Most readers will get the associations from these topics to contemporary news quickly. I can reach longer and deeper than the instruction-by-contrast President Trump and his fascist-loving advisor Steve Bannon currently offer, however. Having been teaching these basic concepts in virtually every course I have taught for the past 29 -years – including and especially courses on internet law and policy -- I can attest that an understanding of these essential concepts is sadly in short supply, even among college students, and even in some of the most select colleges in the United States today. 

To some degree I hold the bar association responsible for having professionalized a legal education in this country. The effect of that professionalization is to denude a good, liberal arts education of these basic concepts.  Only those willing to jump through the hoops of college, L.S.A.T., and law school admissions get to know what these concepts mean.
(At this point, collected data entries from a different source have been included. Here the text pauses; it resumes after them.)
lemma nth_insert_zigzag:
  assumes "i \<le> length D" and "k < length D + 2"
  shows "insert_zigzag \<sigma> i after D ! k =
    (if k < i then remap_event i after k (D ! k)
     else if k < i + 2 then FCusp (\<sigma> < 0)
     else remap_event i after (k - 2) (D ! (k - 2)))"
proof -
  define M where "M = remap_events i after D"
  define c where "c = FCusp (\<sigma> < 0)"
  have zigzag_eq: "insert_zigzag \<sigma> i after D = take i M @ [c, c] @ drop i M"
    by (simp add: insert_zigzag_eq M_def c_def)
  have "length (take i M) = i" using assms(1) by (simp add: M_def)
  consider "k < i" | "k = i \<or> k = i + 1" | "i + 2 \<le> k" by linarith
  then show ?thesis
  proof cases
    case 1
    then show ?thesis using assms by (simp add: zigzag_eq nth_append M_def nth_remap_events)
  next
    case 2
    then show ?thesis using \<open>length (take i M) = i\<close> by (auto simp: zigzag_eq nth_append c_def)
  next
    case 3
    then have "(take i M @ [c, c] @ drop i M) ! k = drop i M ! (k - 2 - i)"
      using \<open>length (take i M) = i\<close> by (simp add: nth_append)
    also have "\<dots> = M ! (k - 2)" using 3 assms by (simp add: M_def)
    finally show ?thesis using 3 assms by (simp add: zigzag_eq M_def nth_remap_events)
  qed
qed

lemma count_cusps_remap_events:
  "length (filter (\<lambda>e. e = FCusp b) (remap_events i after D)) = length (filter (\<lambda>e. e = FCusp b) D)"
proof -
  have "length (filter (\<lambda>e. e = FCusp b) (map (\<lambda>(k, e). remap_event i after k e) (zip ks D))) =
      length (filter (\<lambda>e. e = FCusp b) D)" if "length ks = length D" for ks
    using that
  proof (induction D arbitrary: ks)
    case (Cons e D)
    then obtain k ks' where "ks = k # ks'" by (cases ks) auto
    with Cons show ?case by (cases e) auto
  qed simp
  then show ?thesis by (simp add: remap_events_def)
qed

lemma count_cusps_insert_zigzag:
  "length (filter (\<lambda>e. e = FCusp b) (insert_zigzag \<sigma> i after D)) =
     length (filter (\<lambda>e. e = FCusp b) D) + (if b = (\<sigma> < 0) then 2 else 0)"
proof -
  let ?M = "remap_events i after D" and ?P = "\<lambda>e. e = FCusp b"
  have "length (filter ?P (take i ?M)) + length (filter ?P (drop i ?M)) = length (filter ?P ?M)"
    by (metis append_take_drop_id filter_append length_append)
  then have "length (filter ?P (insert_zigzag \<sigma> i after D)) =
      length (filter ?P ?M) + length (filter ?P [FCusp (\<sigma> < 0), FCusp (\<sigma> < 0)])"
    unfolding insert_zigzag_eq filter_append length_append by linarith
  then show ?thesis by (simp add: count_cusps_remap_events)
qed

lemma n_up_insert_zigzag:
  "n_up (insert_zigzag \<sigma> i after D) = n_up D + (if \<sigma> < 0 then 2 else 0)"
  unfolding n_up_def by (simp add: count_cusps_insert_zigzag)

lemma n_down_insert_zigzag:
  "n_down (insert_zigzag \<sigma> i after D) = n_down D + (if \<sigma> < 0 then 0 else 2)"
  unfolding n_down_def by (simp add: count_cusps_insert_zigzag)

lemma remap_less: "j < n \<Longrightarrow> remap i after k j < n + 2"
  by (simp add: remap_def)

lemma crossings_wf_insert_zigzag:
  assumes "crossings_wf D" and "i \<le> length D"
  shows "crossings_wf (insert_zigzag \<sigma> i after D)"
proof -
  have "j < length D + 2" if "e \<in> set (remap_events i after D)" "e = FCross j s" for e j s
  proof -
    from that(1) obtain k where "k < length D" "remap_events i after D ! k = e"
      by (auto simp: in_set_conv_nth)
    then have k: "k < length D" "remap_event i after k (D ! k) = FCross j s"
      using that(2) by (simp_all add: nth_remap_events)
    then obtain j0 where "D ! k = FCross j0 s" "j = remap i after k j0"
      by (cases "D ! k") auto
    with crossings_wfD[OF assms(1) k(1)] show ?thesis using remap_less by blast
  qed
  then show ?thesis
    using assms(2) set_take_subset set_drop_subset
    by (fastforce simp: crossings_wf_def length_insert_zigzag insert_zigzag_eq)
qed

text \<open>Semi-arcs i, i + 1 and i + 2 of the stabilized front all lie on semi-arc i of D.\<close>

definition zigzag_old_index :: "nat \<Rightarrow> nat \<Rightarrow> nat" where
  "zigzag_old_index i k = (if k < i then k else if k < i + 2 then i else k - 2)"

definition zigzag_new_index :: "nat \<Rightarrow> nat \<Rightarrow> nat" where
  "zigzag_new_index i k = (if k < i then k else k + 2)"

definition zigzag_colors :: "nat \<Rightarrow> 'a list \<Rightarrow> 'a list" where
  "zigzag_colors i c = map (\<lambda>k. c ! zigzag_old_index i k) [0..<length c + 2]"

lemma zigzag_old_new_index [simp]: "zigzag_old_index i (zigzag_new_index i k) = k"
  by (simp add: zigzag_old_index_def zigzag_new_index_def)

lemma zigzag_new_old_index: "k \<noteq> i \<Longrightarrow> k \<noteq> i + 1 \<Longrightarrow> zigzag_new_index i (zigzag_old_index i k) = k"
  unfolding zigzag_old_index_def zigzag_new_index_def by auto

lemma zigzag_old_index_remap [simp]: "zigzag_old_index i (remap i after k j) = j"
  by (simp add: zigzag_old_index_def remap_def)

lemma zigzag_new_index_less: "k < n \<Longrightarrow> zigzag_new_index i k < n + 2"
  by (simp add: zigzag_new_index_def)

lemma zigzag_old_index_less: "i < n \<Longrightarrow> k < n + 2 \<Longrightarrow> zigzag_old_index i k < n"
  by (auto simp: zigzag_old_index_def)

lemma zigzag_old_index_next:
  assumes "i < n" and "k < n"
  shows "zigzag_old_index i ((zigzag_new_index i k + 1) mod (n + 2)) = (k + 1) mod n"
proof (cases "k + 1 < n")
  case True
  then show ?thesis by (simp add: zigzag_new_index_def zigzag_old_index_def)
next
  case False
  with assms have "k + 1 = n" by simp
  with assms show ?thesis by (simp add: zigzag_new_index_def zigzag_old_index_def)
qed

lemma length_zigzag_colors [simp]: "length (zigzag_colors i c) = length c + 2"
  by (simp add: zigzag_colors_def)

lemma nth_zigzag_colors: "k < length c + 2 \<Longrightarrow> zigzag_colors i c ! k = c ! zigzag_old_index i k"
  by (simp add: zigzag_colors_def del: upt_Suc)

lemma set_zigzag_colors: "i < length c \<Longrightarrow> set (zigzag_colors i c) = set c"
proof
  assume "i < length c"
  then show "set (zigzag_colors i c) \<subseteq> set c"
    by (auto simp: zigzag_colors_def zigzag_old_index_less)
  show "set c \<subseteq> set (zigzag_colors i c)"
  proof
    fix x assume "x \<in> set c"
    then obtain k where "k < length c" "c ! k = x" by (auto simp: in_set_conv_nth)
    then show "x \<in> set (zigzag_colors i c)"
      using nth_zigzag_colors[of "zigzag_new_index i k" c i] zigzag_new_index_less
      by (metis length_zigzag_colors nth_mem zigzag_old_new_index)
  qed
qed

context
  fixes D D' :: "fevent list" and i :: nat and after :: "nat \<Rightarrow> bool" and \<sigma> :: int
  assumes wf: "crossings_wf D" and i_less: "i < length D"
    and D': "D' = insert_zigzag \<sigma> i after D"
begin

private lemma length_D': "length D' = length D + 2"
  using i_less by (simp add: D' length_insert_zigzag)

lemma underlying_insert_zigzag_new_index:
  "k < length D \<Longrightarrow> underlying D' ! zigzag_new_index i k = smooth (remap_event i after k (D ! k))"
  using i_less zigzag_new_index_less[of k "length D" i]
  by (simp add: D' nth_underlying length_insert_zigzag nth_insert_zigzag zigzag_new_index_def)

lemma underlying_insert_zigzag_cusp: "k = i \<or> k = i + 1 \<Longrightarrow> underlying D' ! k = TMark"
  using i_less by (auto simp: D' nth_underlying length_insert_zigzag nth_insert_zigzag)

lemma top_cond_zigzag_colors:
  assumes k: "k < length D" and c: "length c = length D"
  shows "top_cond op (underlying D') (zigzag_colors i c) (zigzag_new_index i k) \<longleftrightarrow>
    top_cond op (underlying D) c k"
proof -
  let ?c' = "zigzag_colors i c" and ?k' = "zigzag_new_index i k"
  have at_k: "?c' ! ?k' = c ! k"
    using zigzag_new_index_less[OF k] c by (simp add: nth_zigzag_colors)
  have at_next: "?c' ! ((?k' + 1) mod (length D + 2)) = c ! ((k + 1) mod length D)"
    using zigzag_old_index_next[OF i_less k] c by (simp add: nth_zigzag_colors del: mod_Suc)
  show ?thesis
  proof (cases "D ! k")
    case (FCusp up)
    then show ?thesis
      using k at_k at_next underlying_insert_zigzag_new_index[OF k]
      unfolding top_cond_def Let_def length_underlying length_D'
      by (simp add: nth_underlying)
  next
    case (FCross j s)
    then have "j < length D" using crossings_wfD[OF wf k] by blast
    then have "?c' ! remap i after k j = c ! j"
      using c remap_less by (simp add: nth_zigzag_colors)
    then show ?thesis
      using FCross k at_k at_next underlying_insert_zigzag_new_index[OF k]
      unfolding top_cond_def Let_def length_underlying length_D'
      by (cases s) (simp_all add: nth_underlying)
  qed
qed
That is not enough instruction for the voting public to internalize the ideas or have them take on practical and sustained meaning.  And here is something else I know that I don’t think President Trump or Steve Bannon believe:  the students I have are hungry for this information. They appreciate knowing it, and quickly apply the concepts to very contemporary internet-related issues of communications and intellectual property law, online harassment, privacy and free speech. 

 Students come alive when given the intellectual tools of our society.  Isn’t that they way to counteract those forces that would prefer to mock and abuse those tools?  Colleges and universities could tie this exercise to our outreach missions.  Higher education, open the doors and invite the public in for the day.  Opportunists such as Putin and Trump cynically take advantage of ignorance. Bannon is practically a self-professed fascist, adopting none other than the Italian fascist Julius Evola’s theories that should have ended with Mussolini hanging by his toes. Here is a test to determine whether we need such a day. Answer the following question: What is the doctrine of stare decisis and how does it related to Ajit Pai’s agenda for the Federal Communication’s Commission?  Even if you know the answer, ask your students this week.  Played out politically, that answer may have an impact on their use of the internet for some time.

 On May 1, college and universities should cancel classes, get students to be guides, set out a coffee and teas service and bring the public in to learn about essential American political ideas and values. Administrators, academics and young instructors can lead discussion sections on what U.S. law means, why it has sustained this country from Revolution to Civil War, from an agricultural to an industrial to an information economy, slavery to freedom, and through successive waves of immigration.  People still want to come to this country.  Notwithstanding our flaws, the United States embraced law as the foundation to freedom and liberty, to encourage both incentive and innovation, to offer spiritual and material expression to our humanity.  That is a tradition worth remembering, one we should celebrate, and share deeply its meaning for contemporary challenges to its principles in today’s society.